Within the entries below, the lines from the one with "B(2) surj by blast" through the one with "('k, 'b set)" are to be set down exactly, both ends kept.

Data to use Block Start

text \<open>The generators and the brackets of a finite complement of \<open>J\<close> lie in \<open>J + span B\<close>;
  the finitely many \<open>J\<close>-components involved generate an ideal \<open>I\<close> for which
  \<open>I + span B\<close> is already a subalgebra, hence all of \<open>L\<close>.\<close>
lemma finite_codim_ideal_contains_finitely_generated:
  assumes A: "finite A" "lie_gen L A = C"
    and J: "lie_ideal L J" and "finite_codim L J"
  shows "\<exists>F. finite F \<and> F \<subseteq> J \<and> finite_codim L (ideal_generated F)"
proof -
  obtain B where B: "finite B" "B \<subseteq> C" "C \<subseteq> ideal_plus_span J B"
    using \<open>finite_codim L J\<close> lspan_Un_ideal[OF J] unfolding finite_codim_def by auto
  define G where "G = A \<union> (\<lambda>(b, b'). br b b') ` (B \<times> B)"
  have A_C: "A \<subseteq> C" using lie_gen.gen_base[of _ A L] A(2) by auto
  have "finite G" "G \<subseteq> C" using A(1) A_C B(1,2) unfolding G_def by (auto simp: subset_iff)
  have "\<forall>g\<in>G. \<exists>j. j \<in> J \<and> (\<exists>s\<in>lspan L B. g = j \<oplus> s)"
  proof
    fix g assume "g \<in> G"
    with \<open>G \<subseteq> C\<close> B(3) have "g \<in> ideal_plus_span J B" by blast
    then show "\<exists>j. j \<in> J \<and> (\<exists>s\<in>lspan L B. g = j \<oplus> s)"
      by (elim ideal_plus_spanE[OF J B(2)]) blast
  qed
  then obtain comp where comp: "\<And>g. g \<in> G \<Longrightarrow> comp g \<in> J \<and> (\<exists>s\<in>lspan L B. g = comp g \<oplus> s)"
    by metis
  define I where "I = ideal_generated (comp ` G)"
  have "comp ` G \<subseteq> J" using comp by blast
  then have I: "lie_ideal L I"
    unfolding I_def using lie_idealD(1)[OF J] by (intro lie_ideal_generated) blast
  have G_I: "G \<subseteq> ideal_plus_span I B"
  proof
    fix g assume "g \<in> G"
    then obtain s where "s \<in> lspan L B" "g = comp g \<oplus> s" using comp by blast
    moreover have "comp g \<in> I"
      using \<open>g \<in> G\<close> ideal_generated_superset unfolding I_def by blast
    ultimately show "g \<in> ideal_plus_span I B" by (metis ideal_plus_spanI)
  qed
  have "C \<subseteq> ideal_plus_span I B"
    unfolding A(2)[symmetric] using G_I
    by (intro lie_gen_subset_ideal_plus_span[OF I B(2)]) (auto simp: G_def)
  then have "finite_codim L I"
    unfolding finite_codim_def lspan_Un_ideal[OF I B(2), symmetric] using B(1,2) by blast
  then show ?thesis using \<open>finite G\<close> \<open>comp ` G \<subseteq> J\<close> unfolding I_def by blast
qed

lemma exists_maximal_ideal_infinite_codim:
  assumes A: "finite A" "lie_gen L A = C" and "infinite_dimensional L"
  shows "\<exists>I. lie_ideal L I \<and> \<not> finite_codim L I \<and>
    (\<forall>J. lie_ideal L J \<and> I \<subset> J \<longrightarrow> finite_codim L J)"
proof -
  define \<P> where "\<P> = {I. lie_ideal L I \<and> \<not> finite_codim L I}"
  have "\<exists>I\<in>\<P>. \<forall>J\<in>\<P>. I \<subseteq> J \<longrightarrow> J = I"
  proof (rule subset_Zorn_nonempty)
    show "\<P> \<noteq> {}"
      using lie_ideal_lzero infinite_dimensional_imp_not_finite_codim_lzero[OF assms(3)]
      unfolding \<P>_def by blast
  next
    fix \<I> assume "\<I> \<noteq> {}" "subset.chain \<P> \<I>"
    then have chain: "subset.chain {I. lie_ideal L I} \<I>" and sub: "\<I> \<subseteq> \<P>"
      unfolding subset_chain_def \<P>_def by blast+
    have ideal: "lie_ideal L (\<Union>\<I>)" by (rule lie_ideal_Union_chain[OF chain \<open>\<I> \<noteq> {}\<close>])
    have "\<not> finite_codim L (\<Union>\<I>)"
    proof
      assume "finite_codim L (\<Union>\<I>)"
      then obtain F where F: "finite F" "F \<subseteq> \<Union>\<I>" "finite_codim L (ideal_generated F)"
        using finite_codim_ideal_contains_finitely_generated[OF A ideal] by blast
      then obtain K where K: "K \<in> \<I>" "F \<subseteq> K"
        using finite_subset_Union_chain[OF F(1,2) \<open>\<I> \<noteq> {}\<close> chain] by blast
      then have "lie_ideal L K" "\<not> finite_codim L K" using sub unfolding \<P>_def by blast+
      then show False
        using ideal_generated_least[of K F] K(2) F(3) finite_codim_mono by blast
    qed
    then show "\<Union>\<I> \<in> \<P>" using ideal unfolding \<P>_def by blast
  qed
  then show ?thesis unfolding \<P>_def by blast
qed

section \<open>Homomorphisms and quotients\<close>

context
  fixes M :: "('k, 'c) lie_alg" and f :: "'b \<Rightarrow> 'c"
  assumes M: "lie_algebra M" and f: "lie_hom L M f"
begin

lemma lie_homD:
  shows "x \<in> C \<Longrightarrow> f x \<in> lcarrier M"
    and "x \<in> C \<Longrightarrow> y \<in> C \<Longrightarrow> f (x \<oplus> y) = ladd M (f x) (f y)"
    and "x \<in> C \<Longrightarrow> f (c \<cdot> x) = lsmul M c (f x)"
    and "x \<in> C \<Longrightarrow> y \<in> C \<Longrightarrow> f (br x y) = lbr M (f x) (f y)"
  using f unfolding lie_hom_def by blast+

lemma lie_hom_lzero: "f \<zero> = lzero M"
proof (rule liealg.ladd_idem_imp_lzero[OF liealg.intro[OF M]])
  show "f \<zero> \<in> lcarrier M" by (simp add: lie_homD(1))
  show "ladd M (f \<zero>) (f \<zero>) = f \<zero>" using lie_homD(2)[of \<zero> \<zero>] by simp
qed

lemma lie_hom_lspan:
  assumes "X \<subseteq> C" "x \<in> lspan L X"
  shows "f x \<in> lspan M (f ` X)"
  using assms(2)
proof induction
  case span_zero
  then show ?case by (simp add: lie_hom_lzero lspan.span_zero)
next
  case (span_add x y)
  moreover from this have "x \<in> C" "y \<in> C" using lspan_subset_carrier[OF assms(1)] by auto
  ultimately show ?case by (auto simp: lie_homD(2) intro: lspan.span_add)
next
  case (span_smul x c)
  moreover from this have "x \<in> C" using lspan_subset_carrier[OF assms(1)] by auto
  ultimately show ?case by (auto simp: lie_homD(3) intro: lspan.span_smul)
qed (auto intro: lspan.span_base)

lemma lie_ideal_vimage:
  assumes J: "lie_ideal M J"
  shows "lie_ideal L {x \<in> C. f x \<in> J}"
  unfolding lie_ideal_def
proof (intro conjI ballI allI)
  show "\<zero> \<in> {x \<in> C. f x \<in> J}" using J by (simp add: lie_hom_lzero lie_ideal_def)
next
  fix x y assume "x \<in> {x \<in> C. f x \<in> J}" "y \<in> {x \<in> C. f x \<in> J}"
  then show "x \<oplus> y \<in> {x \<in> C. f x \<in> J}"
    using J unfolding lie_ideal_def by (simp add: lie_homD(2))
next
  fix c x assume "x \<in> {x \<in> C. f x \<in> J}"
  then show "c \<cdot> x \<in> {x \<in> C. f x \<in> J}"
    using J unfolding lie_ideal_def by (simp add: lie_homD(3))
next
  fix x a assume "x \<in> C" "a \<in> {x \<in> C. f x \<in> J}"
  then show "br x a \<in> {x \<in> C. f x \<in> J}"
    using J unfolding lie_ideal_def by (simp add: lie_homD(1,4))
qed blast

lemma finite_codim_image:
  assumes surj: "f ` C = lcarrier M" and K: "K \<subseteq> C" "finite_codim L K" and "f ` K \<subseteq> J"
  shows "finite_codim M J"
proof -
  obtain B where B: "finite B" "B \<subseteq> C" "C \<subseteq> lspan L (K \<union> B)"
    using K(2) unfolding finite_codim_def by blast
  have "lcarrier M \<subseteq> lspan M (J \<union> f ` B)"
  proof
    fix y assume "y \<in> lcarrier M"
    then obtain x where "x \<in> C" "y = f x" using surj by blast
    then have "y \<in> lspan M (f ` (K \<union> B))"
      using lie_hom_lspan[of "K \<union> B" x] K(1) B(2,3) by blast
    moreover have "lspan M (f ` (K \<union> B)) \<subseteq> lspan M (J \<union> f ` B)"
      using \<open>f ` K \<subseteq> J\<close> by (intro lspan_mono) blast
    ultimately show "y \<in> lspan M (J \<union> f ` B)" by blast
  qed
  moreover have "f ` B \<subseteq> lcarrier M" using B(2) surj by blast
  ultimately show ?thesis unfolding finite_codim_def using B(1) by blast
qed

end

definition cong_ideal :: "'b set \<Rightarrow> 'b \<Rightarrow> 'b \<Rightarrow> bool" where
  "cong_ideal I x y \<longleftrightarrow> (\<exists>i\<in>I. y = x \<oplus> i)"

definition coset :: "'b set \<Rightarrow> 'b \<Rightarrow> 'b set" where
  "coset I x = {y \<in> C. cong_ideal I x y}"

definition coset_rep :: "'b set \<Rightarrow> 'b set \<Rightarrow> 'b" where
  "coset_rep I X = (SOME x. x \<in> C \<and> coset I x = X)"

definition lie_quotient :: "'b set \<Rightarrow> ('k, 'b set) lie_alg" where
  "lie_quotient I = \<lparr>lcarrier = coset I ` C,
     ladd = \<lambda>X Y. coset I (coset_rep I X \<oplus> coset_rep I Y),
     lzero = coset I \<zero>,
     lsmul = \<lambda>c X. coset I (c \<cdot> coset_rep I X),
     lbr = \<lambda>X Y. coset I (br (coset_rep I X) (coset_rep I Y))\<rparr>"

context
  fixes I
  assumes I: "lie_ideal L I"
begin

lemma cong_idealE:
  assumes "cong_ideal I x y"
  obtains i where "i \<in> I" "i \<in> C" "y = x \<oplus> i"
  using assms lie_idealD(1)[OF I] unfolding cong_ideal_def by blast

lemma cong_ideal_refl: "x \<in> C \<Longrightarrow> cong_ideal I x x"
  unfolding cong_ideal_def using lie_idealD(2)[OF I] by force

lemma cong_ideal_sym:
  assumes "x \<in> C" "cong_ideal I x y"
  shows "cong_ideal I y x"
proof -
  obtain i where i: "i \<in> I" "y = x \<oplus> i" using assms unfolding cong_ideal_def by blast
  have "i \<in> C" using i lie_idealD(1)[OF I] by blast
  then have "y \<oplus> (-1) \<cdot> i = x" using i assms by (simp add: ladd_assoc ladd_minus_one)
  then show ?thesis unfolding cong_ideal_def using lie_idealD(4)[OF I i(1)] by metis
qed

lemma cong_ideal_trans:
  assumes "x \<in> C" "cong_ideal I x y" "cong_ideal I y z"
  shows "cong_ideal I x z"
proof -
  obtain i where i: "i \<in> I" "i \<in> C" "y = x \<oplus> i" using assms(2) by (elim cong_idealE)
  obtain j where j: "j \<in> I" "j \<in> C" "z = y \<oplus> j" using assms(3) by (elim cong_idealE)
  have "z = x \<oplus> (i \<oplus> j)" using i j assms(1) by (simp add: ladd_assoc)
  then show ?thesis unfolding cong_ideal_def using lie_idealD(3)[OF I i(1) j(1)] by blast
qed

lemma cong_ideal_ladd:
  assumes C: "x \<in> C" "y \<in> C" and "cong_ideal I x x'" "cong_ideal I y y'"
  shows "cong_ideal I (x \<oplus> y) (x' \<oplus> y')"
proof -
  obtain i j where ij: "i \<in> I" "j \<in> I" "i \<in> C" "j \<in> C" "x' = x \<oplus> i" "y' = y \<oplus> j"
    using assms(3,4) by (elim cong_idealE)
  then have "x' \<oplus> y' = (x \<oplus> y) \<oplus> (i \<oplus> j)" using C by (simp add: ladd_assoc ladd_left_commute)
  then show ?thesis unfolding cong_ideal_def using lie_idealD(3)[OF I ij(1,2)] by blast
qed

lemma cong_ideal_lsmul:
  assumes "x \<in> C" "cong_ideal I x x'"
  shows "cong_ideal I (c \<cdot> x) (c \<cdot> x')"
proof -
  obtain i where i: "i \<in> I" "i \<in> C" "x' = x \<oplus> i" using assms(2) by (elim cong_idealE)
  then have "c \<cdot> x' = c \<cdot> x \<oplus> c \<cdot> i" using assms(1) by (simp add: lsmul_ladd)
  then show ?thesis unfolding cong_ideal_def using lie_idealD(4)[OF I i(1)] by blast
qed

lemma cong_ideal_lbr:
  assumes C: "x \<in> C" "y \<in> C" and "cong_ideal I x x'" "cong_ideal I y y'"
  shows "cong_ideal I (br x y) (br x' y')"
proof -
  obtain i j where ij: "i \<in> I" "j \<in> I" "i \<in> C" "j \<in> C" "x' = x \<oplus> i" "y' = y \<oplus> j"
    using assms(3,4) by (elim cong_idealE)
  have "br i y \<in> I" "br x j \<in> I" "br i j \<in> I"
    using lie_idealD(5)[OF I] lie_ideal_lbr_right[OF I] ij C by auto
  then have "br i y \<oplus> (br x j \<oplus> br i j) \<in> I" using lie_idealD(3)[OF I] by blast
  moreover have "br x' y' = br x y \<oplus> (br i y \<oplus> (br x j \<oplus> br i j))"
    using ij C by (simp add: lbr_ladd_left lbr_ladd_right ladd_assoc)
  ultimately show ?thesis unfolding cong_ideal_def by blast
qed

lemma coset_eq_iff:
  assumes x: "x \<in> C" and y: "y \<in> C"
  shows "coset I x = coset I y \<longleftrightarrow> cong_ideal I x y"
proof
  assume "coset I x = coset I y"
  moreover have "y \<in> coset I y" using y cong_ideal_refl unfolding coset_def by blast
  ultimately show "cong_ideal I x y" unfolding coset_def by blast
next
  assume xy: "cong_ideal I x y"
  then have yx: "cong_ideal I y x" by (rule cong_ideal_sym[OF x])
  show "coset I x = coset I y"
    unfolding coset_def using cong_ideal_trans[OF x xy] cong_ideal_trans[OF y yx] by blast
qed

lemma coset_eq_lzero_iff:
  assumes x: "x \<in> C"
  shows "coset I x = coset I \<zero> \<longleftrightarrow> x \<in> I"
proof -
  have "coset I x = coset I \<zero> \<longleftrightarrow> cong_ideal I \<zero> x"
    using coset_eq_iff[OF x lzero_closed] cong_ideal_sym[OF x] cong_ideal_sym[OF lzero_closed]
    by blast
  also have "\<dots> \<longleftrightarrow> x \<in> I"
  proof
    assume "cong_ideal I \<zero> x"
    then obtain i where "i \<in> I" "i \<in> C" "x = \<zero> \<oplus> i" by (elim cong_idealE)
    then show "x \<in> I" by simp
  next
    assume "x \<in> I"
    then show "cong_ideal I \<zero> x" unfolding cong_ideal_def using x by force
  qed
  finally show ?thesis .
qed

lemma coset_rep:
  assumes x: "x \<in> C"
  shows "coset_rep I (coset I x) \<in> C" "cong_ideal I x (coset_rep I (coset I x))"
proof -
  have "coset_rep I (coset I x) \<in> C \<and> coset I (coset_rep I (coset I x)) = coset I x"
    unfolding coset_rep_def by (rule someI_ex) (use x in blast)
  then have rep: "coset_rep I (coset I x) \<in> C" "coset I (coset_rep I (coset I x)) = coset I x"
    by simp_all
  then show "coset_rep I (coset I x) \<in> C" "cong_ideal I x (coset_rep I (coset I x))"
    using coset_eq_iff[OF x rep(1)] by simp_all
qed

lemma quotient_carrier: "lcarrier (lie_quotient I) = coset I ` C"
  and quotient_lzero: "lzero (lie_quotient I) = coset I \<zero>"
  unfolding lie_quotient_def by simp_all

Data to use Block End

**Exercise output**
  moreover have "f ` B \<subseteq> lcarrier M" using B(2) surj by blast
  ultimately show ?thesis unfolding finite_codim_def using B(1) by blast
qed

end

definition cong_ideal :: "'b set \<Rightarrow> 'b \<Rightarrow> 'b \<Rightarrow> bool" where
  "cong_ideal I x y \<longleftrightarrow> (\<exists>i\<in>I. y = x \<oplus> i)"

definition coset :: "'b set \<Rightarrow> 'b \<Rightarrow> 'b set" where
  "coset I x = {y \<in> C. cong_ideal I x y}"

definition coset_rep :: "'b set \<Rightarrow> 'b set \<Rightarrow> 'b" where
  "coset_rep I X = (SOME x. x \<in> C \<and> coset I x = X)"

definition lie_quotient :: "'b set \<Rightarrow> ('k, 'b set) lie_alg" where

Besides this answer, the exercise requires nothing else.